Poco a poco nos vamos desperezando de las restricciones impuestas por los diferentes gobiernos para contener la expansión de la pandemia y, también, para darse un gustazo autoritario. No tenemos ni idea de cómo será el invierno, pero todo parece volver a la normalidad, al menos de momento. Sin embargo, aunque los bares y restaurantes que no han quebrado ya estén abiertos, aunque cada vez llevemos menos la mascarilla, la vida dista de ser normal.

Se han perdido muchísimos puestos de trabajo, otros están hibernando, el Estado se ha sobrendeudado y el comercio mundial va a cámara lenta. Si necesitamos un cambio nuevo para la bicicleta, nos compramos un coche, queremos volar o en Inglaterra quieren repostar gasolina, todo es más difícil y lento. El mundo antes del parón de la primavera de 2020 estaba superconectado y ahora cuesta volver a coger la velocidad anterior. Todo el mundo tiene miedo y se es más que precavido. Contener las pérdidas sigue siendo más importante que intentar ganar dinero a través de la normalización de la actividad.

Los aeropuertos siguen siendo incómodos e inhóspitos, con muchas tiendas cerradas, con accesos limitados y con barreras por doquier. Es inconcebible como todavía no se pueden usar los ascensores de los párkings de Aena para evitar la libre circulación de pasajeros por los aeropuertos o como el acceso está limitado solo a los viajeros. Las líneas aéreas siguen sin aumentar sus rutas, lo que sube la ocupación media de los aviones, pero, simultáneamente, se envía a las tripulaciones a sus casas. ¿No volamos porque no queremos o no volamos porque no podemos? La prioridad es la eficiencia gastando menos, dejando al cliente relegado, algo cuestionable si lo realizan empresas privadas, pero totalmente injustificable si detrás está el Estado, como es el caso de Aena.

Las cadenas de suministro globales están atascadas. Hay muchas fábricas en China que no han arrancado o si lo han hecho es sobre todo para el mercado interior. Los barcos viajan a reventar, pero hay menos barcos. Faltan componentes, faltan materias primas. La escasez de chips es un arcano que aunque se intenta explicar razonablemente, hay muchas incoherencias y se generan dudas más que razonables, sobre todo cuando los beneficios caen mucho menos que los ingresos.

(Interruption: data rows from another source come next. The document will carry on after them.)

(* Let $R$ be a reflexive relation on $U$ such that $\mathrm{DM(RS)}$ is completely distributive. Let $x,y\in U\setminus\mathcal S$ be such that $\{x\}^{\blacktriangle}$ and $\{y\}^{\blacktriangle}$ are completely join-irreducible in $\wp(U)^{\blacktriangle}$. The following are equivalent: (i) there exists $u\in U$ with $\{x\}^{\blacktriangle},\{y\}^{\blacktriangle}\subseteq\{u\}^{\blacktriangle}$; (ii) each of $(\emptyset,\{x\}^{\blacktriangle})$ and $(\emptyset,\{y\}^{\blacktriangle})$ is below both $g(\emptyset,\{x\}^{\blacktriangle})$ and $g(\emptyset,\{y\}^{\blacktriangle})$ in $\mathrm{DM(RS)}$.
   Context: Let $U$ be a set and $R\subseteq U\times U$ a binary relation. For $x\in U$, $R(x)=\{y\in U\mid (x,y)\in R\}$ and $\breve R(x)=\{y\in U\mid (y,x)\in R\}$. For $X\subseteq U$: $X^{\blacktriangledown}=\{x\in U\mid R(x)\subseteq X\}$, $X^{\blacktriangle}=\{x\in U\mid R(x)\cap X\neq\emptyset\}$, $X^{\triangledown}=\{x\in U\mid \breve R(x)\subseteq X\}$, $X^{\vartriangle}=\{x\in U\mid \breve R(x)\cap X\neq\emptyset\}$; composites like $X^{\vartriangle\blacktriangledown}$ mean $(X^{\vartriangle})^{\blacktriangledown}$. $\wp(U)^{\blacktriangledown}=\{X^{\blacktriangledown}\mid X\subseteq U\}$, $\wp(U)^{\blacktriangle}=\{X^{\blacktriangle}\mid X\subseteq U\}$, complete lattices under $\subseteq$. $\mathcal S=\{x\in U\mid |R(x)|=1\}$. $\mathrm{RS}=\{(X^{\blacktriangledown},X^{\blacktriangle})\mid X\subseteq U\}$ ordered coordinatewise; $\mathrm{DM(RS)}$ is its Dedekind–MacNeille completion, identified with $\{(A,B)\in\wp(U)^{\blacktriangledown}\times\wp(U)^{\blacktriangle}\mid A^{\vartriangle\blacktriangle}\subseteq B,\ A\cap\mathcal S=B\cap\mathcal S\}$ ordered coordinatewise, with meets $\bigwedge_i(X_i,Y_i)=(\bigcap_iX_i,(\bigcap_iY_i)^{\triangledown\blacktriangle})$ and joins $\bigvee_i(X_i,Y_i)=((\bigcup_iX_i)^{\vartriangle\blacktriangledown},\bigcup_iY_i)$. An element $j$ of a complete lattice is completely join-irreducible if $j=\bigvee S$ implies $j\in S$. When $\mathrm{DM(RS)}$ is distributive ($R$ reflexive) it is a Kleene algebra with $\sim(A,B)=(B^c,A^c)$; for a completely join-irreducible $j$ of $\mathrm{DM(RS)}$, $g(j)=\bigwedge\{a\in\mathrm{DM(RS)}\mid a\not\le\sim j\}$. (Under the hypotheses, $(\emptyset,\{x\}^{\blacktriangle})$ and $(\emptyset,\{y\}^{\blacktriangle})$ are completely join-irreducible elements of $\mathrm{DM(RS)}$.) *)

theory Defs
  imports Main
begin

text \<open>The universe U is the whole type 'a; R is a binary relation on it.\<close>

definition Rimg :: "('a \<times> 'a) set \<Rightarrow> 'a \<Rightarrow> 'a set" where
  "Rimg R x = {y. (x, y) \<in> R}"

definition Rinv :: "('a \<times> 'a) set \<Rightarrow> 'a \<Rightarrow> 'a set" where
  "Rinv R x = {y. (y, x) \<in> R}"

definition lowD :: "('a \<times> 'a) set \<Rightarrow> 'a set \<Rightarrow> 'a set" where
  "lowD R X = {x. Rimg R x \<subseteq> X}"

definition upD :: "('a \<times> 'a) set \<Rightarrow> 'a set \<Rightarrow> 'a set" where
  "upD R X = {x. Rimg R x \<inter> X \<noteq> {}}"

definition lowI :: "('a \<times> 'a) set \<Rightarrow> 'a set \<Rightarrow> 'a set" where
  "lowI R X = {x. Rinv R x \<subseteq> X}"

definition upI :: "('a \<times> 'a) set \<Rightarrow> 'a set \<Rightarrow> 'a set" where
  "upI R X = {x. Rinv R x \<inter> X \<noteq> {}}"

definition Sset :: "('a \<times> 'a) set \<Rightarrow> 'a set" where
  "Sset R = {x. card (Rimg R x) = 1}"

definition DM :: "('a \<times> 'a) set \<Rightarrow> ('a set \<times> 'a set) set" where
  "DM R = {(A, B). A \<in> range (lowD R) \<and> B \<in> range (upD R)
                 \<and> upD R (upI R A) \<subseteq> B \<and> A \<inter> Sset R = B \<inter> Sset R}"

definition DM_le :: "('a set \<times> 'a set) \<Rightarrow> ('a set \<times> 'a set) \<Rightarrow> bool" where
  "DM_le p q \<longleftrightarrow> fst p \<subseteq> fst q \<and> snd p \<subseteq> snd q"

definition DM_Inf :: "('a \<times> 'a) set \<Rightarrow> ('a set \<times> 'a set) set \<Rightarrow> 'a set \<times> 'a set" where
  "DM_Inf R P = (\<Inter> (fst ` P), upD R (lowI R (\<Inter> (snd ` P))))"

definition DM_Sup :: "('a \<times> 'a) set \<Rightarrow> ('a set \<times> 'a set) set \<Rightarrow> 'a set \<times> 'a set" where
  "DM_Sup R P = (lowD R (upI R (\<Union> (fst ` P))), \<Union> (snd ` P))"

definition DM_completely_distributive :: "('a \<times> 'a) set \<Rightarrow> bool" where
  "DM_completely_distributive R \<longleftrightarrow>
     (\<forall>\<A>. \<A> \<subseteq> Pow (DM R) \<longrightarrow>
        DM_Inf R (DM_Sup R ` \<A>) =
        DM_Sup R (DM_Inf R ` {f ` \<A> | f. \<forall>Y\<in>\<A>. f Y \<in> Y}))"

definition is_lub_in :: "('b \<Rightarrow> 'b \<Rightarrow> bool) \<Rightarrow> 'b set \<Rightarrow> 'b set \<Rightarrow> 'b \<Rightarrow> bool" where
  "is_lub_in le L S j \<longleftrightarrow> j \<in> L \<and> (\<forall>s\<in>S. le s j) \<and> (\<forall>u\<in>L. (\<forall>s\<in>S. le s u) \<longrightarrow> le j u)"

definition cji_in :: "('b \<Rightarrow> 'b \<Rightarrow> bool) \<Rightarrow> 'b set \<Rightarrow> 'b \<Rightarrow> bool" where
  "cji_in le L j \<longleftrightarrow> j \<in> L \<and> (\<forall>S. S \<subseteq> L \<longrightarrow> is_lub_in le L S j \<longrightarrow> j \<in> S)"

definition DM_neg :: "'a set \<times> 'a set \<Rightarrow> 'a set \<times> 'a set" where
  "DM_neg p = (- snd p, - fst p)"

definition gmap :: "('a \<times> 'a) set \<Rightarrow> 'a set \<times> 'a set \<Rightarrow> 'a set \<times> 'a set" where
  "gmap R j = DM_Inf R {a \<in> DM R. \<not> DM_le a (DM_neg j)}"

end

theory Submission
  imports Defs
begin

text \<open>Complete distributivity of DM(RS), applied to the binary meet of \<open>{x}\<^sup>\<blacktriangle>\<close> with a join
  \<open>\<Or>\<^sub>w\<^sub>\<in>\<^sub>W {w}\<^sup>\<blacktriangle>\<close>, writes \<open>{x}\<^sup>\<blacktriangle>\<close> as a union of elements of \<open>\<wp>(U)\<^sup>\<blacktriangle>\<close>; complete
  join-irreducibility then makes \<open>{x}\<^sup>\<blacktriangle>\<close> completely join-prime: \<open>{x}\<^sup>\<blacktriangle> \<subseteq> W\<^sup>\<blacktriangle>\<close> forces
  \<open>{x}\<^sup>\<blacktriangle> \<subseteq> {w}\<^sup>\<blacktriangle>\<close> for some \<open>w \<in> W\<close>. The second component of \<open>g(\<emptyset>, {y}\<^sup>\<blacktriangle>)\<close> is
  \<open>C\<^sup>\<triangledown>\<^sup>\<blacktriangle>\<close>, where \<open>C\<close> is the intersection of all \<open>B\<close> with \<open>(A, B) \<in> DM(RS)\<close> and
  \<open>A \<inter> {y}\<^sup>\<blacktriangle> \<noteq> \<emptyset>\<close>. A common upper bound \<open>{u}\<^sup>\<blacktriangle>\<close> lies below every such \<open>B\<close>, which gives (ii).
  Conversely, testing \<open>{x}\<^sup>\<blacktriangle> \<le> g(\<emptyset>, {y}\<^sup>\<blacktriangle>)\<close> against the pairs \<open>(R(a)\<^sup>\<blacktriangledown>, R(a)\<^sup>\<blacktriangle>)\<close> for
  \<open>a \<in> {y}\<^sup>\<blacktriangle>\<close> and applying join-primeness twice produces the common upper bound.\<close>

lemma upD_singleton: "upD R {x} = {z. (z, x) \<in> R}"
  by (auto simp: upD_def Rimg_def)

lemma upD_eq_UN_singleton: "upD R W = (\<Union>w\<in>W. upD R {w})"
  by (auto simp: upD_def)

lemma upD_mono: "X \<subseteq> Y \<Longrightarrow> upD R X \<subseteq> upD R Y"
  by (auto simp: upD_def)

lemma lowI_mono: "X \<subseteq> Y \<Longrightarrow> lowI R X \<subseteq> lowI R Y"
  by (auto simp: lowI_def)

lemma upD_lowI_subset: "refl R \<Longrightarrow> upD R (lowI R Y) \<subseteq> Y"
  by (auto simp: upD_def lowI_def Rimg_def Rinv_def refl_on_def)

lemma upD_subset_upD_lowI_upD: "upD R X \<subseteq> upD R (lowI R (upD R X))"
  by (auto simp: upD_def lowI_def Rimg_def Rinv_def)

lemma upD_lowI_upD: "refl R \<Longrightarrow> upD R (lowI R (upD R X)) = upD R X"
  using upD_lowI_subset upD_subset_upD_lowI_upD by (metis subset_antisym)

lemma lowD_upD_in_DM: "(lowD R X, upD R X) \<in> DM R"
proof -
  have "upD R (upI R (lowD R X)) \<subseteq> upD R X"
    by (rule upD_mono) (auto simp: upI_def lowD_def Rinv_def Rimg_def)
  moreover have "z \<in> lowD R X \<longleftrightarrow> z \<in> upD R X" if "z \<in> Sset R" for z
  proof -
    from that have "card (Rimg R z) = 1" by (simp add: Sset_def)
    then obtain w where "Rimg R z = {w}" by (rule card_1_singletonE)
    then show ?thesis by (auto simp: lowD_def upD_def)
  qed
  ultimately show ?thesis unfolding DM_def by blast
qed

lemma cji_in_Union:
  assumes "cji_in (\<subseteq>) L j" and "S \<subseteq> L" and "\<Union> S = j"
  shows "j \<in> S"
proof -
  have "is_lub_in (\<subseteq>) L S j"
    using assms unfolding is_lub_in_def cji_in_def by blast
  then show ?thesis using assms(1,2) unfolding cji_in_def by blast
qed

La movilidad de los ciudadanos está reducida, bien porque hay menos capacidad para moverse, bien porque todo son trabas. Los viajeros han vuelto al tren, pero hay menos trenes que antes. Y lo que ocurre en Reino Unido es paradigmático. Faltan trabajadores extranjeros para hacer muchas cosas, entre otras conducir camiones. Se acaba la gasolina en los surtidores no porque no la haya en el país, sino porque no hay camioneros suficientes. Lo mismo ocurre con la comida. A la imprevisión de un Brexit gestionado desde las emociones se unen las barreras en frontera contra el Covid.

No cabe duda de que el mundo va a cámara lenta, o cuando menos a menos revoluciones que en primavera de 2020, pero poca gente se queja, tal vez porque ahora las grandes corporaciones están siendo más eficientes. Se venden menos coches, pero no hay inventarios ni son necesarias las automatriculaciones. Vuelan menos aviones, pero también hay mucho menos personal en los aeropuertos y en las aerolíneas. Hay escasez de componentes, pero no son necesarios los descuentos porque no hay sobrestoc. Estamos entrando en un círculo vicioso donde la eficiencia se logra reduciendo puestos de trabajo y empeorando la calidad de servicio. Nos hemos acostumbrado al desorden, a la suciedad y a lo cutre. Estamos endeudados, pero no hacemos lo suficiente para que la economía despierte. ¿Por qué?